Contributing to Hyperbolix development.

For detailed development instructions, see DEVELOPER_GUIDE.md in the repository.

  • Setup: Environment configuration with uv
  • Testing: Running test suites and benchmarks
  • Linting: Pre-commit hooks and code quality
  • CI/CD: GitHub Actions pipeline
  • Contributing: Pull request guidelines

Key Commands

# Install dependencies
uv sync --dev

# Run tests
uv run pytest tests/ -v

# Run benchmarks
uv run pytest benchmarks/ -v

# Linting and formatting
uv run pre-commit run --all-files

# Type checking
uv run pyright hyperbolix/

Project Structure

hyperbolix/
├── hyperbolix/           # Source code
│   ├── manifolds/        # Core geometry
│   ├── nn_layers/        # Neural network layers
│   ├── optim/            # Riemannian optimizers
│   ├── distributions/    # Probability distributions
│   └── utils/            # Utilities
├── tests/                # Test suite
├── benchmarks/           # Performance benchmarks
└── docs/                 # Documentation source

Coding Conventions

Shape Suffixes

All tensor/array local variables in function bodies use shape suffixes — single capital letters appended to the variable name encoding each dimension.
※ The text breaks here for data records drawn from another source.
lemma cov_d2_cov_d_expand:
  assumes V: "\<And>a. smooth_on U (\<lambda>y. V y a)" and x: "x \<in> U"
  shows "cov_d2 g (cov_d g V) x c b a = pd c (pd b (\<lambda>w. V w a)) x
     - (\<Sum>e\<in>UNIV. pd c (\<lambda>z. christoffel g z e b a) x * V x e)
     - (\<Sum>e\<in>UNIV. christoffel g x e b a * pd c (\<lambda>z. V z e) x)
     - (\<Sum>d\<in>UNIV. christoffel g x d c b * pd d (\<lambda>w. V w a) x)
     + (\<Sum>d\<in>UNIV. christoffel g x d c b * (\<Sum>e\<in>UNIV. christoffel g x e d a * V x e))
     - (\<Sum>d\<in>UNIV. christoffel g x d c a * pd b (\<lambda>w. V w d) x)
     + (\<Sum>d\<in>UNIV. christoffel g x d c a * (\<Sum>e\<in>UNIV. christoffel g x e b d * V x e))"
  unfolding cov_d2_def cov_d_def using x V
  by (simp add: pd_simps sum.distrib sum_subtractf right_diff_distrib)

lemma ricci_identity:
  assumes V: "\<And>a. smooth_on U (\<lambda>y. V y a)" and x: "x \<in> U"
  shows "cov_d2 g (cov_d g V) x c b a - cov_d2 g (cov_d g V) x b c a
    = - (\<Sum>d\<in>UNIV. riemann g x d a c b * V x d)"
proof -
  have "pd c (pd b (\<lambda>w. V w a)) x = pd b (pd c (\<lambda>w. V w a)) x"
    by (rule pd_commute[OF open_U V x])
  moreover have "christoffel g x d c b = christoffel g x d b c" for d
    by (rule christoffel_sym[OF x])
  moreover have "(\<Sum>d\<in>UNIV. christoffel g x d c a * (\<Sum>e\<in>UNIV. christoffel g x e b d * V x e))
     = (\<Sum>d\<in>UNIV. (\<Sum>e\<in>UNIV. christoffel g x d b e * christoffel g x e c a) * V x d)" for b c
  proof -
    have "(\<Sum>d\<in>UNIV. christoffel g x d c a * (\<Sum>e\<in>UNIV. christoffel g x e b d * V x e))
      = (\<Sum>e\<in>UNIV. \<Sum>d\<in>UNIV. christoffel g x d c a * christoffel g x e b d * V x e)"
      by (simp add: sum_distrib_left mult.assoc) (rule sum.swap)
    then show ?thesis by (simp add: sum_distrib_left sum_distrib_right mult_ac)
  qed
  moreover have "(\<Sum>d\<in>UNIV. riemann g x d a c b * V x d)
     = (\<Sum>d\<in>UNIV. pd c (\<lambda>z. christoffel g z d b a) x * V x d)
     - (\<Sum>d\<in>UNIV. pd b (\<lambda>z. christoffel g z d c a) x * V x d)
     + (\<Sum>d\<in>UNIV. (\<Sum>e\<in>UNIV. christoffel g x d c e * christoffel g x e b a) * V x d)
     - (\<Sum>d\<in>UNIV. (\<Sum>e\<in>UNIV. christoffel g x d b e * christoffel g x e c a) * V x d)"
    unfolding riemann_def by (simp add: sum_subtractf sum.distrib algebra_simps)
  ultimately show ?thesis
    unfolding cov_d2_cov_d_expand[OF V x] by simp
qed

lemma pd_christoffel_lower:
  assumes x: "x \<in> U"
  shows "pd d (\<lambda>z. christoffel_lower g z f e b) x
    = (\<Sum>a\<in>UNIV. g x f a * (\<Sum>k\<in>UNIV. christoffel g x a d k * christoffel g x k e b))
      + (\<Sum>l\<in>UNIV. christoffel g x l d f * christoffel_lower g x l e b)
      + (\<Sum>a\<in>UNIV. g x f a * pd d (\<lambda>z. christoffel g z a e b) x)"
proof -
  have "pd d (\<lambda>z. christoffel_lower g z f e b) x
      = (\<Sum>a\<in>UNIV. pd d (\<lambda>z. g z f a) x * christoffel g x a e b)
        + (\<Sum>a\<in>UNIV. g x f a * pd d (\<lambda>z. christoffel g z a e b) x)"
    unfolding christoffel_lower_def using x by (simp add: pd_simps sum.distrib)
  moreover have "(\<Sum>a\<in>UNIV. pd d (\<lambda>z. g z f a) x * christoffel g x a e b)
      = (\<Sum>a\<in>UNIV. \<Sum>l\<in>UNIV. g x f l * christoffel g x l d a * christoffel g x a e b)
        + (\<Sum>a\<in>UNIV. \<Sum>l\<in>UNIV. g x a l * christoffel g x l d f * christoffel g x a e b)"
    by (simp add: pd_metric[OF x] distrib_right sum.distrib sum_distrib_right)
  moreover have "(\<Sum>a\<in>UNIV. \<Sum>l\<in>UNIV. g x f l * christoffel g x l d a * christoffel g x a e b)
      = (\<Sum>a\<in>UNIV. g x f a * (\<Sum>k\<in>UNIV. christoffel g x a d k * christoffel g x k e b))"
    by (subst sum.swap) (simp add: sum_distrib_left mult.assoc)
  moreover have "(\<Sum>a\<in>UNIV. \<Sum>l\<in>UNIV. g x a l * christoffel g x l d f * christoffel g x a e b)
      = (\<Sum>l\<in>UNIV. christoffel g x l d f * christoffel_lower g x l e b)"
    unfolding christoffel_lower_def
    by (subst sum.swap) (simp add: sum_distrib_left mult_ac metric_sym[OF x])
  ultimately show ?thesis by simp
qed
(* Let $p\ge1$, let $(X,d_X),(Y,d_Y),(Z,d_Z)$ be pseudo-metric spaces, and let $(W,\mu)$, $(V,\gamma)$ be probability spaces. Let $f(x;w):X\times W\to Y$ be $\alpha$ lower-Hölder in expectation and $g(y;v):Y\times V\to Z$ be $\beta$ lower-Hölder in expectation, with $\alpha,\beta\ge1$. Then $(g\circ f)(x;w,v)=g(f(x;w);v)$, with $(w,v)$ distributed according to the product measure $\mu\times\gamma$, is $\alpha\beta$ lower-Hölder in expectation. Moreover, if $f$ and $g$ are uniformly Lipschitz, then so is $g\circ f$.
   Context: A parametric function $f(x;w)$ (measurable in $w$ for each fixed $x$) with a probability measure on parameters is $\alpha$ lower-Hölder in expectation if there is $c>0$ such that $c^p\le \mathbb{E}_{w}\left[\left(\frac{d_Y(f(x;w),f(x';w))}{d_X(x,x')^\alpha}\right)^p\right]$ for all $x,x'$ with $d_X(x,x')>0$. It is uniformly Lipschitz if there is $L>0$ such that $x\mapsto f(x;w)$ is $L$-Lipschitz for every parameter $w$. *)

theory Defs
  imports "HOL-Probability.Probability"
begin

definition pseudo_metric :: "('a \<Rightarrow> 'a \<Rightarrow> real) \<Rightarrow> bool" where
  "pseudo_metric d \<longleftrightarrow>
     (\<forall>x y. 0 \<le> d x y) \<and> (\<forall>x. d x x = 0) \<and> (\<forall>x y. d x y = d y x) \<and>
     (\<forall>x y z. d x z \<le> d x y + d y z)"

definition lower_holder_exp ::
  "'w measure \<Rightarrow> ('x \<Rightarrow> 'x \<Rightarrow> real) \<Rightarrow> ('y \<Rightarrow> 'y \<Rightarrow> real)
    \<Rightarrow> ('x \<Rightarrow> 'w \<Rightarrow> 'y) \<Rightarrow> real \<Rightarrow> real \<Rightarrow> bool" where
  "lower_holder_exp M dX dY f \<alpha> p \<longleftrightarrow>
     (\<exists>c>0. \<forall>x x'. dX x x' > 0 \<longrightarrow>
        ennreal (c powr p) \<le>
          (\<integral>\<^sup>+ w. ennreal ((dY (f x w) (f x' w) / (dX x x' powr \<alpha>)) powr p) \<partial>M))"

definition uniformly_lipschitz ::
  "'w measure \<Rightarrow> ('x \<Rightarrow> 'x \<Rightarrow> real) \<Rightarrow> ('y \<Rightarrow> 'y \<Rightarrow> real)
    \<Rightarrow> ('x \<Rightarrow> 'w \<Rightarrow> 'y) \<Rightarrow> bool" where
  "uniformly_lipschitz M dX dY f \<longleftrightarrow>
     (\<exists>L>0. \<forall>w\<in>space M. \<forall>x x'. dY (f x w) (f x' w) \<le> L * dX x x')"

definition param_comp ::
  "('y \<Rightarrow> 'v \<Rightarrow> 'z) \<Rightarrow> ('x \<Rightarrow> 'w \<Rightarrow> 'y) \<Rightarrow> 'x \<Rightarrow> 'w \<times> 'v \<Rightarrow> 'z" where
  "param_comp g f x wv = g (f x (fst wv)) (snd wv)"

end

theory Submission
  imports Defs
begin

text \<open>Writing the lower-Hoelder condition in the equivalent form
  \<open>c\<^sup>p d(x,x')\<^sup>\<alpha>\<^sup>p \<le> E[d(f x, f x')\<^sup>p]\<close>, integrate the bound for \<open>g\<close> over the parameter of \<open>f\<close>
  (Tonelli): \<open>E[d(g(f x), g(f x'))\<^sup>p] \<ge> c\<^sub>g\<^sup>p E[(d(f x, f x')\<^sup>p)\<^sup>\<beta>]\<close>. Since \<open>\<beta> \<ge> 1\<close>, Jensen's
  inequality bounds the right side below by \<open>c\<^sub>g\<^sup>p (E[d(f x, f x')\<^sup>p])\<^sup>\<beta>\<close>, and the bound for \<open>f\<close>
  finishes the argument with constant \<open>c\<^sub>g c\<^sub>f\<^sup>\<beta>\<close>. Lipschitz constants simply multiply.\<close>

lemma powr_tangent_line_le:
  fixes t K \<beta> :: real
  assumes "0 \<le> t" "0 < K" "1 < \<beta>"
  shows "\<beta> * K powr (\<beta> - 1) * t \<le> t powr \<beta> + (\<beta> - 1) * K powr \<beta>"
proof -
  define q where "q = \<beta> / (\<beta> - 1)"
  have q: "q > 1" "1/\<beta> + 1/q = 1" "1/q = (\<beta> - 1)/\<beta>"
    using assms unfolding q_def by (auto simp: field_simps)
  have "t * K powr (\<beta> - 1) \<le> t powr \<beta> / \<beta> + (K powr (\<beta> - 1)) powr q / q"
    by (rule Youngs_inequality) (use assms q in auto)
  also have "(K powr (\<beta> - 1)) powr q = K powr \<beta>"
    using assms by (simp add: powr_powr q_def)
  finally have "t * K powr (\<beta> - 1) \<le> t powr \<beta> / \<beta> + K powr \<beta> * ((\<beta> - 1)/\<beta>)"
    using q(3) by (simp add: divide_inverse)
  then show ?thesis
    using assms by (simp add: field_simps mult_ac)
qed

lemma (in prob_space) powr_nn_integral_le:
  assumes [measurable]: "Y \<in> borel_measurable M" and Y_nonneg: "\<And>w. 0 \<le> Y w"
    and "1 \<le> \<beta>" "0 \<le> K" and K_le: "ennreal K \<le> (\<integral>\<^sup>+w. ennreal (Y w) \<partial>M)"
  shows "ennreal (K powr \<beta>) \<le> (\<integral>\<^sup>+w. ennreal (Y w powr \<beta>) \<partial>M)"
proof (cases "K = 0 \<or> \<beta> = 1")
  case True
  then show ?thesis
    using K_le Y_nonneg \<open>0 \<le> K\<close> by auto
next
  case False
  then have K: "K > 0" and \<beta>: "\<beta> > 1"
    using assms by auto
  text \<open>Integrate the tangent line of \<open>t \<mapsto> t\<^sup>\<beta>\<close> at \<open>K\<close>; the constant term integrates to itself since \<open>M\<close> has mass 1.\<close>
  define A where "A = \<beta> * K powr (\<beta> - 1)"
  define B where "B = (\<beta> - 1) * K powr \<beta>"
  have A: "A \<ge> 0" and B: "B \<ge> 0"
    using \<beta> K by (auto simp: A_def B_def)
  have tangent: "ennreal A * ennreal (Y w) \<le> ennreal (Y w powr \<beta>) + ennreal B" for w
    using powr_tangent_line_le[OF Y_nonneg K \<beta>] A B Y_nonneg[of w]
    by (simp add: A_def B_def ennreal_mult[symmetric] ennreal_plus[symmetric] del: ennreal_plus)
  have "ennreal B + ennreal (K powr \<beta>) = ennreal A * ennreal K"
    using A B K \<beta> by (simp add: A_def B_def powr_diff field_simps ennreal_mult[symmetric]
        ennreal_plus[symmetric] del: ennreal_plus)
  also have "\<dots> \<le> ennreal A * (\<integral>\<^sup>+w. ennreal (Y w) \<partial>M)"
    using K_le by (rule mult_left_mono) simp
  also have "\<dots> = (\<integral>\<^sup>+w. ennreal A * ennreal (Y w) \<partial>M)"
    by (simp add: nn_integral_cmult)
  also have "\<dots> \<le> (\<integral>\<^sup>+w. ennreal (Y w powr \<beta>) + ennreal B \<partial>M)"
    by (rule nn_integral_mono) (rule tangent)
  also have "\<dots> = ennreal B + (\<integral>\<^sup>+w. ennreal (Y w powr \<beta>) \<partial>M)"
    by (simp add: nn_integral_add emeasure_space_1 add.commute)
  finally show ?thesis
    by (simp add: ennreal_add_left_cancel_le)
qed

lemma ennreal_le_mult_inverse_iff:
  fixes a r :: real and I :: ennreal
  assumes "0 \<le> a" "0 < r"
  shows "ennreal a \<le> I * ennreal (1 / r) \<longleftrightarrow> ennreal (a * r) \<le> I"
proof
  assume "ennreal a \<le> I * ennreal (1 / r)"
  then have "ennreal a * ennreal r \<le> I * ennreal (1 / r) * ennreal r"
    by (rule mult_right_mono) simp
  then show "ennreal (a * r) \<le> I"
    using assms by (simp add: mult.assoc ennreal_mult[symmetric])
next
  assume "ennreal (a * r) \<le> I"
  then have "ennreal (a * r) * ennreal (1 / r) \<le> I * ennreal (1 / r)"
    by (rule mult_right_mono) simp
  then show "ennreal a \<le> I * ennreal (1 / r)"
    using assms by (simp add: ennreal_mult[symmetric])
qed

lemma nn_integral_divide_powr:
  fixes h :: "'w \<Rightarrow> real"
  assumes "(\<lambda>w. ennreal (h w powr p)) \<in> borel_measurable M"
  shows "(\<integral>\<^sup>+w. ennreal ((h w / E) powr p) \<partial>M)
       = (\<integral>\<^sup>+w. ennreal (h w powr p) \<partial>M) * ennreal (1 / E powr p)"
proof -
  have "(\<integral>\<^sup>+w. ennreal ((h w / E) powr p) \<partial>M)
      = (\<integral>\<^sup>+w. ennreal (h w powr p) * ennreal (1 / E powr p) \<partial>M)"
    by (rule nn_integral_cong) (simp add: powr_divide ennreal_mult[symmetric])
  also have "\<dots> = (\<integral>\<^sup>+w. ennreal (h w powr p) \<partial>M) * ennreal (1 / E powr p)"
    using assms by (rule nn_integral_multc)
  finally show ?thesis .
qed

lemma lower_holder_exp_iff_moment_bound:
  assumes [measurable]: "\<And>x x'. (\<lambda>w. dY (f x w) (f x' w)) \<in> borel_measurable M"
    and dX_nonneg: "\<And>x x'. 0 \<le> dX x x'"
  shows "lower_holder_exp M dX dY f \<gamma> p \<longleftrightarrow>
    (\<exists>c>0. \<forall>x x'. ennreal (c powr p * dX x x' powr (\<gamma> * p))
                    \<le> (\<integral>\<^sup>+w. ennreal (dY (f x w) (f x' w) powr p) \<partial>M))"
proof -
  have "(dX x x' > 0 \<longrightarrow>
      ennreal (c powr p) \<le> (\<integral>\<^sup>+w. ennreal ((dY (f x w) (f x' w) / dX x x' powr \<gamma>) powr p) \<partial>M))
    \<longleftrightarrow> ennreal (c powr p * dX x x' powr (\<gamma> * p))
          \<le> (\<integral>\<^sup>+w. ennreal (dY (f x w) (f x' w) powr p) \<partial>M)" for c x x'
  proof (cases "dX x x' > 0")
    case True
    then show ?thesis
      by (simp add: nn_integral_divide_powr ennreal_le_mult_inverse_iff powr_powr)
  next
    case False
    then have "dX x x' = 0"
      using dX_nonneg[of x x'] by simp
    with False show ?thesis
      by simp
  qed
  then show ?thesis
    unfolding lower_holder_exp_def by presburger
qed

lemma param_comp_moment_bound:
  assumes "prob_space M" "sigma_finite_measure N"
    and [measurable]: "(\<lambda>w. dY (f x w) (f x' w)) \<in> borel_measurable M"
    and [measurable]: "(\<lambda>wv. dZ (param_comp g f x wv) (param_comp g f x' wv))
                         \<in> borel_measurable (M \<Otimes>\<^sub>M N)"
    and dY_nonneg: "\<And>y y'. 0 \<le> dY y y'" and "1 \<le> \<beta>"
    and f_bound: "ennreal (cf powr p * dX x x' powr (\<alpha> * p))
                    \<le> (\<integral>\<^sup>+w. ennreal (dY (f x w) (f x' w) powr p) \<partial>M)"
    and g_bound: "\<And>y y'. ennreal (cg powr p * dY y y' powr (\<beta> * p))
                    \<le> (\<integral>\<^sup>+v. ennreal (dZ (g y v) (g y' v) powr p) \<partial>N)"
  shows "ennreal ((cg * cf powr \<beta>) powr p * dX x x' powr (\<alpha> * \<beta> * p))
    \<le> (\<integral>\<^sup>+wv. ennreal (dZ (param_comp g f x wv) (param_comp g f x' wv) powr p) \<partial>(M \<Otimes>\<^sub>M N))"
proof -
  interpret M: prob_space M by fact
  interpret N: sigma_finite_measure N by fact
  define K where "K = cf powr p * dX x x' powr (\<alpha> * p)"
  have "ennreal ((cg * cf powr \<beta>) powr p * dX x x' powr (\<alpha> * \<beta> * p))
      = ennreal (cg powr p) * ennreal (K powr \<beta>)"
    by (simp add: K_def powr_mult powr_powr ennreal_mult[symmetric] mult_ac)
  also have "\<dots> \<le> ennreal (cg powr p) * (\<integral>\<^sup>+w. ennreal ((dY (f x w) (f x' w) powr p) powr \<beta>) \<partial>M)"
    using f_bound \<open>1 \<le> \<beta>\<close>
    by (intro mult_left_mono M.powr_nn_integral_le) (auto simp: K_def)
  also have "\<dots> = (\<integral>\<^sup>+w. ennreal (cg powr p * dY (f x w) (f x' w) powr (\<beta> * p)) \<partial>M)"
    by (simp add: nn_integral_cmult[symmetric] ennreal_mult[symmetric] powr_powr mult.commute)
  also have "\<dots> \<le> (\<integral>\<^sup>+w. \<integral>\<^sup>+v. ennreal (dZ (g (f x w) v) (g (f x' w) v) powr p) \<partial>N \<partial>M)"
    by (intro nn_integral_mono g_bound)
  also have "\<dots> = (\<integral>\<^sup>+wv. ennreal (dZ (param_comp g f x wv) (param_comp g f x' wv) powr p) \<partial>(M \<Otimes>\<^sub>M N))"
  proof -
    have "(\<lambda>wv. ennreal (dZ (param_comp g f x wv) (param_comp g f x' wv) powr p))
        \<in> borel_measurable (M \<Otimes>\<^sub>M N)"
      by measurable
    from N.nn_integral_fst[OF this] show ?thesis
      by (simp add: param_comp_def)
  qed
  finally show ?thesis .
qed

lemma uniformly_lipschitz_param_comp:
  assumes "uniformly_lipschitz M dX dY f" "uniformly_lipschitz N dY dZ g"
  shows "uniformly_lipschitz (M \<Otimes>\<^sub>M N) dX dZ (param_comp g f)"
proof -
  obtain Lf where Lf: "Lf > 0" "\<And>w x x'. w \<in> space M \<Longrightarrow> dY (f x w) (f x' w) \<le> Lf * dX x x'"
    using assms(1) unfolding uniformly_lipschitz_def by blast
  obtain Lg where Lg: "Lg > 0" "\<And>v y y'. v \<in> space N \<Longrightarrow> dZ (g y v) (g y' v) \<le> Lg * dY y y'"
    using assms(2) unfolding uniformly_lipschitz_def by blast
  have "dZ (param_comp g f x wv) (param_comp g f x' wv) \<le> Lg * Lf * dX x x'"
    if "wv \<in> space (M \<Otimes>\<^sub>M N)" for wv x x'
  proof -
    have "fst wv \<in> space M" "snd wv \<in> space N"
      using that by (auto simp: space_pair_measure)
    then have "dZ (param_comp g f x wv) (param_comp g f x' wv) \<le> Lg * dY (f x (fst wv)) (f x' (fst wv))"
      using Lg(2) by (simp add: param_comp_def)
    also have "\<dots> \<le> Lg * (Lf * dX x x')"
      using Lf(2) Lg(1) \<open>fst wv \<in> space M\<close> by (simp add: mult_left_mono)
    finally show ?thesis
      by (simp add: mult_ac)
  qed
  with Lf(1) Lg(1) show ?thesis
    unfolding uniformly_lipschitz_def by (metis mult_pos_pos)
qed

theorem mainTheorem5:
  fixes dX :: "'x \<Rightarrow> 'x \<Rightarrow> real" and dY :: "'y \<Rightarrow> 'y \<Rightarrow> real"
    and dZ :: "'z \<Rightarrow> 'z \<Rightarrow> real"
    and M :: "'w measure" and N :: "'v measure"
    and f :: "'x \<Rightarrow> 'w \<Rightarrow> 'y" and g :: "'y \<Rightarrow> 'v \<Rightarrow> 'z"
    and p \<alpha> \<beta> :: real
  assumes "1 \<le> p"
    and "pseudo_metric dX" and "pseudo_metric dY" and "pseudo_metric dZ"
    and "prob_space M" and "prob_space N"
    and f_meas: "\<And>x x'. (\<lambda>w. dY (f x w) (f x' w)) \<in> borel_measurable M"
    and g_meas: "\<And>y y'. (\<lambda>v. dZ (g y v) (g y' v)) \<in> borel_measurable N"
    and gf_meas: "\<And>x x'. (\<lambda>wv. dZ (param_comp g f x wv) (param_comp g f x' wv))
                           \<in> borel_measurable (M \<Otimes>\<^sub>M N)"
    and "lower_holder_exp M dX dY f \<alpha> p"
    and "lower_holder_exp N dY dZ g \<beta> p"
    and "1 \<le> \<alpha>" and "1 \<le> \<beta>"
  shows "lower_holder_exp (M \<Otimes>\<^sub>M N) dX dZ (param_comp g f) (\<alpha> * \<beta>) p
       \<and> (uniformly_lipschitz M dX dY f \<and> uniformly_lipschitz N dY dZ g
            \<longrightarrow> uniformly_lipschitz (M \<Otimes>\<^sub>M N) dX dZ (param_comp g f))"
proof (intro conjI impI)
  have dX_nonneg: "\<And>x x'. 0 \<le> dX x x'" and dY_nonneg: "\<And>y y'. 0 \<le> dY y y'"
    using \<open>pseudo_metric dX\<close> \<open>pseudo_metric dY\<close> unfolding pseudo_metric_def by auto
  obtain cf where "cf > 0" and f_bound: "\<And>x x'. ennreal (cf powr p * dX x x' powr (\<alpha> * p))
      \<le> (\<integral>\<^sup>+w. ennreal (dY (f x w) (f x' w) powr p) \<partial>M)"
    using \<open>lower_holder_exp M dX dY f \<alpha> p\<close>
    unfolding lower_holder_exp_iff_moment_bound[where dY = dY and f = f, OF f_meas dX_nonneg] by blast
  obtain cg where "cg > 0" and g_bound: "\<And>y y'. ennreal (cg powr p * dY y y' powr (\<beta> * p))
      \<le> (\<integral>\<^sup>+v. ennreal (dZ (g y v) (g y' v) powr p) \<partial>N)"
    using \<open>lower_holder_exp N dY dZ g \<beta> p\<close>
    unfolding lower_holder_exp_iff_moment_bound[where dY = dZ and f = g, OF g_meas dY_nonneg] by blast
  have "sigma_finite_measure N"
    using \<open>prob_space N\<close> by (rule prob_space_imp_sigma_finite)
  have "ennreal ((cg * cf powr \<beta>) powr p * dX x x' powr (\<alpha> * \<beta> * p))
    \<le> (\<integral>\<^sup>+wv. ennreal (dZ (param_comp g f x wv) (param_comp g f x' wv) powr p) \<partial>(M \<Otimes>\<^sub>M N))"
    for x x'
    using \<open>prob_space M\<close> \<open>sigma_finite_measure N\<close> f_meas gf_meas dY_nonneg \<open>1 \<le> \<beta>\<close> f_bound g_bound
    by (rule param_comp_moment_bound)
  with \<open>cf > 0\<close> \<open>cg > 0\<close>
  show "lower_holder_exp (M \<Otimes>\<^sub>M N) dX dZ (param_comp g f) (\<alpha> * \<beta>) p"
    unfolding lower_holder_exp_iff_moment_bound[where dY = dZ and f = "param_comp g f", OF gf_meas dX_nonneg]
    by (auto intro!: exI[of _ "cg * cf powr \<beta>"])
next
  assume "uniformly_lipschitz M dX dY f \<and> uniformly_lipschitz N dY dZ g"
  then show "uniformly_lipschitz (M \<Otimes>\<^sub>M N) dX dZ (param_comp g f)"
    by (blast intro: uniformly_lipschitz_param_comp)
qed

end
lemma duality_map_scaleR: "duality_map (r *\<^sub>R (x::'a)) = r *\<^sub>R duality_map x"
proof (rule duality_map_eqI)
  have "(norm (r *\<^sub>R x))^2 = r * r * (norm x)^2"
    by (simp add: power_mult_distrib power2_eq_square)
  then show "(norm (r *\<^sub>R x))^2 \<le> blinfun_apply (r *\<^sub>R duality_map x) (r *\<^sub>R x)"
    by (simp add: blinfun.scaleR_left blinfun.scaleR_right duality_map_self)
qed (simp add: norm_duality_map)

lemma duality_map_uminus: "duality_map (- (x::'a)) = - duality_map x"
  using duality_map_scaleR[of "-1" x] by simp

lemma duality_map_zero: "duality_map (0::'a) = 0"
  using duality_map_scaleR[of 0 0] by simp

end

section \<open>Uniform convexity\<close>

lemma uniformly_convex_spaceD:
  assumes "uniformly_convex_space TYPE('a::real_normed_vector)" "e > 0"
  obtains d where "d > 0" "\<And>x y::'a. \<And>R. norm x \<le> R \<Longrightarrow> norm y \<le> R \<Longrightarrow>
    (1 - d) * R < norm ((x + y) /\<^sub>R 2) \<Longrightarrow> norm (x - y) < e * R"
proof -
  obtain d where d: "d > 0" and H: "\<forall>x y::'a. norm x \<le> 1 \<longrightarrow> norm y \<le> 1 \<longrightarrow> norm (x - y) \<ge> e
      \<longrightarrow> norm ((x + y) /\<^sub>R 2) \<le> 1 - d"
    using assms unfolding uniformly_convex_space_def by blast
  have "norm (x - y) < e * R"
    if x: "norm x \<le> R" and y: "norm y \<le> R" and mid: "(1 - d) * R < norm ((x + y) /\<^sub>R 2)"
    for x y :: 'a and R
  proof -
    have R: "R > 0"
    proof (rule ccontr)
      assume "\<not> R > 0"
      then have "norm x \<le> 0" "norm y \<le> 0" "R = 0" using x y norm_ge_zero[of x] by linarith+
      then show False using mid by simp
    qed
    have "(x + y) /\<^sub>R 2 = R *\<^sub>R (((1/R) *\<^sub>R x + (1/R) *\<^sub>R y) /\<^sub>R 2)"
      using R by (simp add: scaleR_right_distrib)
    then have "1 - d < norm (((1/R) *\<^sub>R x + (1/R) *\<^sub>R y) /\<^sub>R 2)"
      using mid R by (simp add: mult.commute mult_less_cancel_left_pos)
    moreover have "norm ((1/R) *\<^sub>R x) \<le> 1" "norm ((1/R) *\<^sub>R y) \<le> 1" using x y R by simp_all
    ultimately have "norm ((1/R) *\<^sub>R x - (1/R) *\<^sub>R y) < e" using H by (meson not_le)
    then show ?thesis using R by (simp add: pos_divide_less_eq flip: scaleR_diff_right)
  qed
  with d that show ?thesis by blast
qed

lemma uniformly_convex_midpoint_eq:
  assumes uc: "uniformly_convex_space TYPE('a::real_normed_vector)"
    and u: "norm (u::'a) \<le> r" and v: "norm v \<le> r" and mid: "r \<le> norm ((u + v) /\<^sub>R 2)"
  shows "u = v"
proof (rule ccontr)
  assume ne: "u \<noteq> v"
  have r: "r > 0"
  proof (rule ccontr)
    assume "\<not> r > 0"
    then have "norm u \<le> 0" "norm v \<le> 0" using u v by linarith+
    with ne show False by simp
  qed
  define e where "e = norm (u - v) / r"
  have e: "e > 0" using ne r by (simp add: e_def)
  obtain d where "d > 0" and D: "\<And>x y::'a. \<And>R. norm x \<le> R \<Longrightarrow> norm y \<le> R \<Longrightarrow>
      (1 - d) * R < norm ((x + y) /\<^sub>R 2) \<Longrightarrow> norm (x - y) < e * R"
    using uniformly_convex_spaceD[OF uc e] by metis
  have "(1 - d) * r < r" using \<open>d > 0\<close> r by (simp add: algebra_simps)
  then have "(1 - d) * r < norm ((u + v) /\<^sub>R 2)" using mid by linarith
  then have "norm (u - v) < e * r" by (rule D[OF u v])
  then show False using r by (simp add: e_def)
qed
This makes shapes self-documenting and shape bugs immediately visible.

Dimension key (used across the codebase):

Letter Dimension
B batch size
D spatial / manifold dimension (dim)
A ambient dimension (dim+1, hyperboloid time+space)
H output height
W output width
C channels
K kernel elements (kh×kw)
N number of points
P number of hyperplanes / output classes (MLR out_dim)
S sequence length
F frequency dim (d//2 in RoPE)

Examples:

# poincare_regression.py — MLR forward pass
sub_PBD = addition_fn(p_neg_PD, x_BD, c)        # (P, B, D) from broadcasting
sub_BPD = jnp.transpose(sub_PBD, (1, 0, 2))      # reorder to (B, P, D)
res_BP  = lambda_p_P1.T * a_norm_P1.T * signed_dist2hyp_BP

# hyperboloid_conv.py — patch extraction
patches_BHWCkhkw = patches_flat_BHW_CKhKw.reshape(B, H, W, C, kh, kw)
patches_BHWkhkwC = patches_BHWCkhkw.transpose(0, 1, 2, 4, 5, 3)

# poincare.py — conformal factor broadcast
res_BP = 2 * z_norm_1P * signed_dist2hyp_BP  # z_norm.T broadcasts (1,P) over (B,P)

Rules: - Use compound suffixes for flattened dims: x_flat_NC with a comment explaining the merge - _B1 for keepdims=True results, _1P for transposed broadcast tensors - Add a dimension key docstring at the top of each file that uses shape suffixes

Each annotated file begins with a docstring like:

"""
Dimension key:
  B: batch size     D: manifold dimension
  P: output classes (hyperplanes)
"""

Contributing

We welcome contributions! Please:

  1. Fork the repository
  2. Create a feature branch
  3. Make your changes with tests
  4. Run pre-commit checks
  5. Submit a pull request

See the full DEVELOPER_GUIDE.md for details.